Lie 1 is wrong. The uber rich (Gates and Ellison) are not a prescription for
how to aim your life as a young person. Also, in the 2008 recession, people
without 4-year degrees were hurt far worse and recovered slower than those
with degrees.

Lie 2 is reasonable, except in particular majors. My wife was a historic
preservation major in undergrad (I think there's less than a dozen in the
country, and one happened to be in-state but she would have gone out of state
if necessary) and her graduate program was out-of-state for Museum Studies.
There are only a handful of these programs in the country, so being out-of-
state was not a choice.

3 is also incorrect in my experience. While the employers may not care a lot
what's on your diploma, they also don't recruit evenly across universities.
Wasn't everyone complaining a while ago that Google was basically where people
went after graduating from Stanford?

4\. When I was looking at school, the scholarships on those "find scholarships
for you" sites were all under $1000. While that's not insignificant, you can't
count on getting every one you apply for, and it's not reliable for paying for
more than books. Community colleges and living with parents are underutilized,
but you eventually have to attend at least 2 years in a 4-year institution if
you want the 4-year degree.

5\. I wish this had been drilled into me

6\. Reasonable, but I don't think it is widely talked about

7\. This is complicated. I was in school during the 2008 recession, so there
was really no way to know before going in what was going to happen after
graduation. Students _do_ need to know it isn't necessarily a given, and this
was a big pitfall for me. Unfortunately, our parents' generation didn't know
about this because it is different from their experience with college.

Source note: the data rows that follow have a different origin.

(* Let $(G,H)$ be a Hecke pair and let $N$ be a closed normal subgroup of $G$ contained in $H$. Put $G'=G/N$ and $H'=H/N$. Then $(G,H)$ has property (RD) if and only if the Hecke pair $(G',H')$ has property (RD). In particular, a discrete Hecke pair $(G,H)$ has property (RD) if and only if its reduction $(G/K_{(G,H)},H/K_{(G,H)})$, where $K_{(G,H)}=\bigcap_{x\in G}xHx^{-1}$, has property (RD).
   Context: Let $G$ be a locally compact group (possibly discrete) with closed subgroup $H$. If $H\backslash G$ is not discrete, one assumes $\Delta_G|_H=\Delta_H=1$, so there is a right $G$-invariant measure $\nu$ on $H\backslash G$ satisfying Weil's formula; in the discrete case $\nu$ is counting measure. $\mathcal H(G,H)$ is the space of compactly supported continuous right $H$-invariant functions on $H\backslash G$ with product $f*g(Hx)=\int_{H\backslash G}f(Hxy^{-1})g(Hy)\,d\nu(Hy)$ and left regular representation $\lambda(f)\xi=f*\xi$ on $L^2(H\backslash G,\nu)$. In the discrete case $(G,H)$ is a Hecke pair if $[H:H\cap xHx^{-1}]<\infty$ for all $x$; in the non-discrete case, if $\lambda$ is a well-defined homomorphism into bounded operators and every $Hx$ has some $f\in\mathcal H(G,H)$ with $f(Hx)\neq0$. (Under these hypotheses $(G',H')$ is again a Hecke pair.) A length function on $(G,H)$ is a Borel $l:G\to[0,\infty)$ with $l(e)=0$, $l(g)=l(g^{-1})$, $l(gh)\le l(g)+l(h)$, $l|_H=0$; locally bounded means the induced function on $H\backslash G$ is bounded on compact sets. $(G,H)$ has property (RD) if there are a locally bounded length function $l$ on $(G,H)$ and $s,c>0$ with $\|\lambda(f)\|\le c\big(\int_{H\backslash G}|f(Hx)|^2(1+l(x))^{2s}d\nu(Hx)\big)^{1/2}$ for all $f\in\mathcal H(G,H)$. *)

theory Defs
  imports "HOL-Analysis.Analysis" "HOL-Algebra.Coset"
begin
lemma ruin_roots_in_unit_disc:
  assumes "2 \<le> d" "0 < r" "r < 1" "deflated_poly d r = 0"
  shows "{z::complex. cmod z < 1 \<and> z ^ d - 2 * z + 1 = 0} = {complex_of_real r}"
proof -
  define R where "R = complex_of_real r"
  have "r ^ d = 2 * r - 1"
    using ruin_poly_factor[of r d] assms(4) by simp
  then have R_pow: "R ^ d = 2 * R - 1"
    unfolding R_def by (simp only: of_real_power[symmetric]) simp
  have "z = R" if z: "cmod z < 1" "z ^ d - 2 * z + 1 = 0" for z
  proof -
    have z_le_r: "cmod z \<le> r"
      using ruin_root_norm_le[OF assms(1) z] assms by simp
    define S where "S = (\<Sum>i<d. R ^ (d - Suc i) * z ^ i)"
    have z_pow: "z ^ d = 2 * z - 1"
      using z(2) by (simp add: algebra_simps)
    have "2 * (z - R) = z ^ d - R ^ d"
      by (simp add: R_pow z_pow algebra_simps)
    also have "\<dots> = (z - R) * S"
      unfolding S_def by (rule power_diff_sumr2)
    finally have "cmod (z - R) * 2 = cmod (z - R) * cmod S"
      by (metis mult.commute norm_mult norm_numeral)
    moreover have "cmod S < 2"
    proof -
      have "cmod S \<le> (\<Sum>i<d. r ^ (d - Suc i) * cmod z ^ i)"
        unfolding S_def R_def using assms(2)
        by (auto simp: norm_mult norm_power intro!: order_trans[OF norm_sum] sum_mono)
      also have "\<dots> \<le> (\<Sum>i<d. r ^ (d - Suc i) * r ^ i)"
        using z_le_r assms(2) by (intro sum_mono mult_left_mono power_mono) auto
      also have "\<dots> = real d * r ^ (d - 1)"
        by (simp add: power_add[symmetric])
      also have "\<dots> < 2"
        using deflated_poly_root_power_bound assms by blast
      finally show ?thesis .
    qed
    ultimately have "cmod (z - R) = 0"
      by (metis mult_left_cancel less_irrefl)
    then show "z = R"
      by simp
  qed
  moreover have "cmod R < 1" "R ^ d - 2 * R + 1 = 0"
    using assms(2,3) R_pow by (simp_all add: R_def)
  ultimately show ?thesis
    unfolding R_def[symmetric] by blast
qed

definition var_events :: "'a measure \<Rightarrow> (nat \<Rightarrow> 'a \<Rightarrow> 'b) \<Rightarrow> nat \<Rightarrow> 'a set set" where
  "var_events M X i = range (\<lambda>A. X i -` A \<inter> space M)"

lemma var_events_subset_Pow: "var_events M X i \<subseteq> Pow (space M)"
  unfolding var_events_def by auto

lemma Int_stable_var_events: "Int_stable (var_events M X i)"
proof (rule Int_stableI)
  fix a b
  assume "a \<in> var_events M X i" "b \<in> var_events M X i"
  then obtain A B where "a = X i -` A \<inter> space M" "b = X i -` B \<inter> space M"
    unfolding var_events_def by blast
  then have "a \<inter> b = X i -` (A \<inter> B) \<inter> space M"
    by blast
  then show "a \<inter> b \<in> var_events M X i"
    unfolding var_events_def by blast
qed
lemma interp_eq_simplex_sum:
  assumes "S \<in> Tri" "y \<in> convex hull (emb ` S)"
  shows "interp \<phi> 1 w y = (\<Sum>z\<in>S. w z * \<phi> z y)"
proof -
  have "{z. \<phi> z y \<noteq> 0} \<subseteq> S" using barycentric_coord_outside[OF assms] by blast
  then show ?thesis unfolding interp_def
    by (simp, intro sum.mono_neutral_left simplex_finite[OF assms(1)]) auto
qed

lemma interp_le:
  assumes "\<And>l. w l \<le> D"
  shows "interp \<phi> \<rho> w x \<le> D"
proof -
  obtain S where S: "S \<in> Tri" "(1 / \<rho>) *\<^sub>R x \<in> convex hull (emb ` S)" using simplices_cover .
  have "interp \<phi> \<rho> w x = (\<Sum>z\<in>S. w z * \<phi> z ((1 / \<rho>) *\<^sub>R x))"
    by (simp add: interp_rescale[of \<phi> \<rho>] interp_eq_simplex_sum[OF S])
  also have "\<dots> \<le> (\<Sum>z\<in>S. D * \<phi> z ((1 / \<rho>) *\<^sub>R x))"
    using assms barycentric_coord_nonneg[OF S] by (intro sum_mono mult_right_mono)
  also have "\<dots> = D"
    using barycentric_coord_sum[OF S] by (simp flip: sum_distrib_left)
  finally show ?thesis .
qed

lemma interp_translate:
  assumes "0 < \<rho>"
  shows "interp \<phi> \<rho> w (x + gp \<rho> m) = interp \<phi> \<rho> (\<lambda>l. w (l + m)) x"
proof -
  let ?y = "(1 / \<rho>) *\<^sub>R x"
  obtain S where S: "S \<in> Tri" "?y \<in> convex hull (emb ` S)" using simplices_cover .
  define S' where "S' = (\<lambda>v. v + m) ` S"
  have S': "S' \<in> Tri" "?y + emb m \<in> convex hull (emb ` S')"
    using simplex_translate[OF S(1)] S(2) by (auto simp: S'_def convex_hull_emb_translate)
  have inj: "inj_on (\<lambda>v. v + m) S" by (simp add: inj_on_def)
  have "(1 / \<rho>) *\<^sub>R (x + gp \<rho> m) = ?y + emb m"
    using assms by (simp add: gp_def scaleR_add_right)
  then have "interp \<phi> \<rho> w (x + gp \<rho> m) = (\<Sum>z\<in>S'. w z * \<phi> z (?y + emb m))"
    by (simp add: interp_rescale[of \<phi> \<rho>] interp_eq_simplex_sum[OF S'])
  also have "\<dots> = (\<Sum>z\<in>S. w (z + m) * \<phi> z ?y)"
    by (simp add: S'_def sum.reindex[OF inj] barycentric_coord_translate)
  also have "\<dots> = interp \<phi> \<rho> (\<lambda>l. w (l + m)) x"
    by (simp add: interp_rescale[of \<phi> \<rho>] interp_eq_simplex_sum[OF S])
  finally show ?thesis .
qed
lemma gen_padded_nth_eq_gen_F_nth:
  assumes "n \<le> P"
  shows "gen_padded m i P $ n = gen_F m i $ n"
proof -
  let ?w = "\<lambda>xs. (fps_X :: rat fps) ^ Xmi m i xs"
  have bij: "bij_betw (\<lambda>ys. ys @ replicate (P - length ys) 0) (partitions n) (padded_partitions P n)"
    using assms by (rule bij_betw_partitions_padded_partitions)
  then have fin: "finite (partitions n)"
    using bij_betw_finite finite_padded_partitions by blast
  have "gen_padded m i P $ n = (\<Sum>ys\<in>partitions n. ?w (ys @ replicate (P - length ys) 0))"
    using sum.reindex_bij_betw[OF bij, of ?w] by (simp add: gen_padded_def)
  also have "\<dots> = (\<Sum>ys\<in>partitions n. ?w ys)"
    by (simp add: Xmi_append_replicate_0)
  also have "\<dots> = gen_F m i $ n"
  proof (rule fps_ext)
    fix k
    have "(\<Sum>ys\<in>partitions n. ?w ys) $ k = of_nat (card {ys \<in> partitions n. Xmi m i ys = k})"
      using fin by (simp add: fps_sum_nth eq_commute flip: sum.inter_filter)
    then show "(\<Sum>ys\<in>partitions n. ?w ys) $ k = gen_F m i $ n $ k"
      by (simp add: gen_F_def Fmi_def)
  qed
  finally show ?thesis .
qed

theorem mainTheorem7:
  fixes m i :: nat
  assumes "1 \<le> m" and "1 \<le> i" and "i \<le> m"
  shows "(\<lambda>N. \<Prod>a<N. prod_factor m i a) \<longlonglongrightarrow> gen_F m i"
proof (rule tendsto_fpsI)
  fix n
  have "(\<Prod>a<N. prod_factor m i a) = gen_padded m i (N * m)" for N
    by (simp add: prod_factor_eq_prod_column_factor[OF assms(2,3)] prod.nat_group
        gen_padded_eq_prod_column_factor)
  moreover have "n \<le> N * m" if "n \<le> N" for N
    using that assms(1) by (metis le_trans mult.right_neutral mult_le_mono2)
  ultimately have "(\<Prod>a<N. prod_factor m i a) $ n = gen_F m i $ n" if "n \<le> N" for N
    using that by (simp add: gen_padded_nth_eq_gen_F_nth)
  then show "eventually (\<lambda>N. (\<Prod>a<N. prod_factor m i a) $ n = gen_F m i $ n) sequentially"
    by (rule eventually_sequentiallyI)
qed

end
(* Let $R\subseteq\mathbb{N}$ be such that there is a positive integer $k$ with $R\cap k\mathbb{Z}=\emptyset$. Then for any positive integer $d$, there exists a colouring of $\mathbb{R}^d$ with $2k^2$ colours containing no monochromatic congruent copy of $rL^d$ for any $r\in R$.
   Context: $L^d$ denotes a three-point set $\{x,y,z\}\subseteq\mathbb{Z}^d$ with $\|x-y\|_2=\|y-z\|_2=1$ and $\|x-z\|_2=2$ (three equally spaced collinear points), and $rL^d=\{rx,ry,rz\}$. A congruent copy is the image under an isometry of $\mathbb{R}^d$. *)

theory Defs
  imports "HOL-Analysis.Analysis"
begin

definition int_point :: "real^'n \<Rightarrow> bool" where
  "int_point x \<longleftrightarrow> (\<forall>i. x $ i \<in> \<int>)"

definition isometry_map :: "(real^'n \<Rightarrow> real^'n) \<Rightarrow> bool" where
  "isometry_map f \<longleftrightarrow> (\<forall>x y. dist (f x) (f y) = dist x y)"

text \<open>T is a congruent copy of r L^d: the image under an isometry of {r x, r y, r z},
  where {x,y,z} is a set L^d of integer points with |x-y|=|y-z|=1, |x-z|=2.\<close>
definition congruent_copy_rL :: "real \<Rightarrow> (real^'n) set \<Rightarrow> bool" where
  "congruent_copy_rL r T \<longleftrightarrow>
     (\<exists>f x y z. isometry_map f \<and> int_point x \<and> int_point y \<and> int_point z \<and>
        dist x y = 1 \<and> dist y z = 1 \<and> dist x z = 2 \<and>
        T = f ` {r *\<^sub>R x, r *\<^sub>R y, r *\<^sub>R z})"

definition monochromatic :: "('a \<Rightarrow> nat) \<Rightarrow> 'a set \<Rightarrow> bool" where
  "monochromatic c T \<longleftrightarrow> (\<exists>col. \<forall>p\<in>T. c p = col)"

end

theory Submission
  imports Defs
begin

(* Colour p by floor(|p|^2) mod 2k^2. If a, b, c are equally spaced on a line with spacing r,
   then |a|^2 - 2|b|^2 + |c|^2 = 2r^2. Replacing each squared norm by its floor changes this
   second difference by less than 2, so if the three floors agree modulo the even number 2k^2,
   parity forces 2k^2 to divide 2r^2, i.e. k divides r. *)

lemma equal_half_dists_imp_midpoint:
  fixes a b c :: "'a::real_inner"
  assumes "dist a b = r" "dist b c = r" "dist a c = 2 * r"
  shows "a - b = b - c"
proof -
  define u where "u = a - b"
  define v where "v = b - c"
  have parallelogram: "norm (u - v) ^ 2 = 2 * norm u ^ 2 + 2 * norm v ^ 2 - norm (u + v) ^ 2"
    by (simp add: power2_norm_eq_inner algebra_simps inner_commute)
  have "norm u = r" "norm v = r" "norm (u + v) = 2 * r"
    using assms by (simp_all add: dist_norm u_def v_def)
  with parallelogram have "norm (u - v) ^ 2 = 0"
    by (simp add: power_mult_distrib)
  then show ?thesis
    by (simp add: u_def v_def)
qed

lemma norm_sq_second_difference:
  fixes a b c :: "'a::real_inner"
  assumes "a - b = b - c"
  shows "norm a ^ 2 - 2 * norm b ^ 2 + norm c ^ 2 = 2 * norm (a - b) ^ 2"
proof -
  define u where "u = a - b"
  have "a = b + u" "c = b - u"
    using assms by (simp_all add: u_def algebra_simps)
  moreover have "norm (b + u) ^ 2 - 2 * norm b ^ 2 + norm (b - u) ^ 2 = 2 * norm u ^ 2"
    by (simp add: power2_norm_eq_inner algebra_simps inner_commute)
  ultimately show ?thesis
    by (simp add: u_def)
qed

lemma second_difference_eq_floor_second_difference:
  fixes x y z :: real and n :: int
  assumes "x - 2 * y + z = of_int n" "even n" "even (\<lfloor>x\<rfloor> + \<lfloor>z\<rfloor>)"
  shows "n = \<lfloor>x\<rfloor> - 2 * \<lfloor>y\<rfloor> + \<lfloor>z\<rfloor>"
proof -
  have "of_int (n - (\<lfloor>x\<rfloor> - 2 * \<lfloor>y\<rfloor> + \<lfloor>z\<rfloor>)) = frac x - 2 * frac y + frac z"
    using assms(1) by (simp add: frac_def)
  moreover have "\<bar>frac x - 2 * frac y + frac z\<bar> < 2"
    using frac_lt_1 [of x] frac_lt_1 [of y] frac_lt_1 [of z]
      frac_ge_0 [of x] frac_ge_0 [of y] frac_ge_0 [of z]
    by linarith
  ultimately have "\<bar>n - (\<lfloor>x\<rfloor> - 2 * \<lfloor>y\<rfloor> + \<lfloor>z\<rfloor>)\<bar> < 2"
    by linarith
  moreover have "even (n - (\<lfloor>x\<rfloor> - 2 * \<lfloor>y\<rfloor> + \<lfloor>z\<rfloor>))"
    using assms(2,3) by simp
  ultimately show ?thesis
    by presburger
qed

lemma floor_cong_imp_dvd_second_difference:
  fixes x y z :: real and m n :: int
  assumes "x - 2 * y + z = of_int n" "even n" "even m"
    and "\<lfloor>x\<rfloor> mod m = \<lfloor>y\<rfloor> mod m" "\<lfloor>z\<rfloor> mod m = \<lfloor>y\<rfloor> mod m"
  shows "m dvd n"
proof -
  have "m dvd \<lfloor>x\<rfloor> - \<lfloor>y\<rfloor>" "m dvd \<lfloor>z\<rfloor> - \<lfloor>y\<rfloor>"
    using assms(4,5) by (simp_all add: mod_eq_dvd_iff)
  then have "m dvd (\<lfloor>x\<rfloor> - \<lfloor>y\<rfloor>) + (\<lfloor>z\<rfloor> - \<lfloor>y\<rfloor>)"
    by (rule dvd_add)
  also have "(\<lfloor>x\<rfloor> - \<lfloor>y\<rfloor>) + (\<lfloor>z\<rfloor> - \<lfloor>y\<rfloor>) = \<lfloor>x\<rfloor> - 2 * \<lfloor>y\<rfloor> + \<lfloor>z\<rfloor>"
    by simp
  finally have dvd: "m dvd \<lfloor>x\<rfloor> - 2 * \<lfloor>y\<rfloor> + \<lfloor>z\<rfloor>" .
  with \<open>even m\<close> have "even (\<lfloor>x\<rfloor> - 2 * \<lfloor>y\<rfloor> + \<lfloor>z\<rfloor>)"
    by (rule dvd_trans)
  then have "even (\<lfloor>x\<rfloor> + \<lfloor>z\<rfloor>)"
    by simp
  with second_difference_eq_floor_second_difference [OF assms(1,2)]
  have "n = \<lfloor>x\<rfloor> - 2 * \<lfloor>y\<rfloor> + \<lfloor>z\<rfloor>" .
  with dvd show ?thesis
    by simp
qed

definition norm_sq_colouring :: "nat \<Rightarrow> 'a::real_normed_vector \<Rightarrow> nat" where
  "norm_sq_colouring m p = nat (\<lfloor>norm p ^ 2\<rfloor> mod int m)"

lemma norm_sq_colouring_less: "m > 0 \<Longrightarrow> norm_sq_colouring m p < m"
  by (simp add: norm_sq_colouring_def nat_less_iff)

lemma norm_sq_colouring_eq_iff:
  "m > 0 \<Longrightarrow> norm_sq_colouring m p = norm_sq_colouring m q \<longleftrightarrow>
     \<lfloor>norm p ^ 2\<rfloor> mod int m = \<lfloor>norm q ^ 2\<rfloor> mod int m"
  by (auto simp: norm_sq_colouring_def nat_eq_iff2)

lemma equally_spaced_monochromatic_imp_dvd:
  fixes a b c :: "'a::real_inner"
  assumes "k > 0" "dist a b = real r" "dist b c = real r" "dist a c = 2 * real r"
    and "monochromatic (norm_sq_colouring (2 * k ^ 2)) {a, b, c}"
  shows "k dvd r"
proof -
  define m where "m = 2 * k ^ 2"
  have "m > 0"
    using assms(1) by (simp add: m_def)
  have second_difference: "norm a ^ 2 - 2 * norm b ^ 2 + norm c ^ 2 = of_int (2 * int r ^ 2)"
    using assms(2-4) equal_half_dists_imp_midpoint norm_sq_second_difference
    by (metis dist_norm of_int_mult of_int_numeral of_int_of_nat_eq of_int_power)
  have "norm_sq_colouring m a = norm_sq_colouring m b"
    "norm_sq_colouring m c = norm_sq_colouring m b"
    using assms(5) by (auto simp: monochromatic_def m_def)
  then have cong: "\<lfloor>norm a ^ 2\<rfloor> mod int m = \<lfloor>norm b ^ 2\<rfloor> mod int m"
    "\<lfloor>norm c ^ 2\<rfloor> mod int m = \<lfloor>norm b ^ 2\<rfloor> mod int m"
    using \<open>m > 0\<close> by (simp_all add: norm_sq_colouring_eq_iff)
  have "even (int m)"
    by (simp add: m_def)
  with second_difference cong have "int m dvd 2 * int r ^ 2"
    using floor_cong_imp_dvd_second_difference by simp
  then have "int k ^ 2 dvd int r ^ 2"
    by (simp add: m_def)
  then show ?thesis
    by (simp add: pow_divides_pow_iff flip: of_nat_power)
qed

lemma congruent_copy_rL_imp_equally_spaced:
  assumes "r \<ge> 0" "congruent_copy_rL r T"
  shows "\<exists>a b c. T = {a, b, c} \<and> dist a b = r \<and> dist b c = r \<and> dist a c = 2 * r"
proof -
  obtain f x y z where f: "isometry_map f"
    and xyz: "dist x y = 1" "dist y z = 1" "dist x z = 2"
    and T: "T = f ` {r *\<^sub>R x, r *\<^sub>R y, r *\<^sub>R z}"
    using assms(2) unfolding congruent_copy_rL_def by blast
  have "dist (f (r *\<^sub>R u)) (f (r *\<^sub>R v)) = r * dist u v" for u v
    using f assms(1) by (simp add: isometry_map_def dist_norm flip: scaleR_diff_right)
  with xyz T show ?thesis
    by (intro exI [of _ "f (r *\<^sub>R x)"] exI [of _ "f (r *\<^sub>R y)"] exI [of _ "f (r *\<^sub>R z)"]) simp
qed

theorem proposition30:
  fixes R :: "nat set" and k :: nat
  assumes "k > 0" and "\<forall>r\<in>R. \<not> k dvd r"
  shows "\<exists>c :: real^'n \<Rightarrow> nat. (\<forall>p. c p < 2 * k^2) \<and>
           (\<forall>r\<in>R. \<forall>T. congruent_copy_rL (real r) T \<longrightarrow> \<not> monochromatic c T)"
proof (intro exI conjI ballI allI impI notI)
  show "norm_sq_colouring (2 * k ^ 2) p < 2 * k ^ 2" for p :: "real^'n"
    using assms(1) by (simp add: norm_sq_colouring_less)
next
  fix r T
  assume "r \<in> R" "congruent_copy_rL (real r) T"
    and mono: "monochromatic (norm_sq_colouring (2 * k ^ 2)) (T :: (real^'n) set)"
  then obtain a b c where "T = {a, b, c}"
    and "dist a b = real r" "dist b c = real r" "dist a c = 2 * real r"
    using congruent_copy_rL_imp_equally_spaced [OF of_nat_0_le_iff] by blast
  with assms(1) mono have "k dvd r"
    using equally_spaced_monochromatic_imp_dvd by blast
  with assms(2) \<open>r \<in> R\<close> show False
    by blast
qed

end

8\. I've never heard anyone say this, but attendance levels are up in bad
years

9\. Nobody thinks they're going to need bankruptcy when they start their
college education; they're still young and bushy-tailed.

------
qntty
_Fifty-nine percent of the students surveyed said the total outstanding
student debt was in the “millions.”_

The most worrying part to me. 59% can't estimate things like this within ~two
orders of magnitude?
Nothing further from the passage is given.